Joy, meanwhile, is “working to inform clients about the impact of inflation on different types of investments,” she said. For example, she explained: “Inflation can have a different impact on stocks vs. bonds, especially depending on the level of inflation.”

To weather a storm like this, “you want to be in investments that are more inflationary-proof,” Strohmeier said he tells clients. Utilities, health care, communications, oil, commodities, precious metals — “those are things that are going to do traditionally better during an inflationary process than say more cyclical things,” he said, adding: “I like regional banks [and] companies with consistent dividends,” as well as communications, big oil companies and cloud services companies.

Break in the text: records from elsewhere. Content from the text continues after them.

lemma dec3_less:
  assumes "r < d*d*d" "dec3 d r = (a,b,k)"
  shows "a < d" "b < d" "k < d"
  using bij_betw_apply[OF bij_betw_dec3[of d], of r] assms by (auto simp: cube3_def)

lemma dec4_less:
  assumes "r < d*d*d*d" "dec4 d r = (a,b,k,l)"
  shows "a < d" "b < d" "k < d" "l < d"
  using bij_betw_apply[OF bij_betw_dec4[of d], of r] assms by (auto simp: cube4_def)

lemma dec4_pair_index: "y < d*d \<Longrightarrow> dec4 d (x * (d*d) + y) = (x div d, x mod d, y div d, y mod d)"
  using pair_index_div[of y "d*d" x] by (simp add: dec4_def)

lemma sum_cube3: "(\<Sum>q\<in>cube3 d. f q) = (\<Sum>a<d. \<Sum>b<d. \<Sum>k<d. f (a,b,k))"
  by (simp add: cube3_def sum.cartesian_product)

lemma sum_cube4: "(\<Sum>q\<in>cube4 d. f q) = (\<Sum>a<d. \<Sum>b<d. \<Sum>k<d. \<Sum>l<d. f (a,b,k,l))"
  by (simp add: cube4_def sum.cartesian_product)

section \<open>Orthonormal bases and the isotropic state\<close>

lemma onb_orthonormal:
  "onb d u \<Longrightarrow> k < d \<Longrightarrow> l < d \<Longrightarrow> (\<Sum>a<d. cnj (u k a) * u l a) = (if k = l then 1 else 0)"
  by (simp add: onb_def)

lemma onb_orthonormal_cnj:
  assumes "onb d u" "k < d" "l < d"
  shows "(\<Sum>a<d. u k a * cnj (u l a)) = (if k = l then 1 else 0)"
proof -
  have "(\<Sum>a<d. u k a * cnj (u l a)) = cnj (\<Sum>a<d. cnj (u k a) * u l a)" by simp
  then show ?thesis using onb_orthonormal[OF assms] by simp
qed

8. Discuss wages and compensation, including potential raises, with working clients.

When it comes to inflation and COLAs, it is definitely a factor for not only retirees on a fixed income, but also working clients, Joy noted. In a perfect world, their wages would keep up with the more inflationary environment. But advisors should explain to clients that “just a 2 or 3% raise may or may not keep up with inflation this year, so advocating on your behalf [at work] would be an important conversation to have with clients on wages and compensation,” she said.

9. Discuss clients’ travel, remodeling and other plans that could be especially costly now.

“Everybody’s looking to make up for lost time when it comes to travel and you’re going to pay the price in a year like this,” Joy warned. Many people are also shopping for real estate or to make home improvements, and those sectors are “under inflationary pressure” now, she said.

“So it’s really important for clients to be specific about what their goals are in the short and mid-term so that adjustments can be made based on costs,” she explained. Tell clients if they were going to do a $50,000 remodeling project this year or next year, they may need to adjust those numbers significantly higher based on the ability to access labor and materials now, she said, adding that some clients are postponing or being patient with their decisions.

10. Tell clients to focus on what they can control or change.

“People like to talk about things that they think they may be able to affect or control or change and there’s less of that feeling” with COVID-19, one of the other big concerns that many clients have this year, Joy said.

On the other hand, you can adjust a portfolio to deal with inflation, she noted. “I always like to say focus on what you can control, and the things you can control with inflation are to make sure that your goals don’t need to be adjusted,” she said.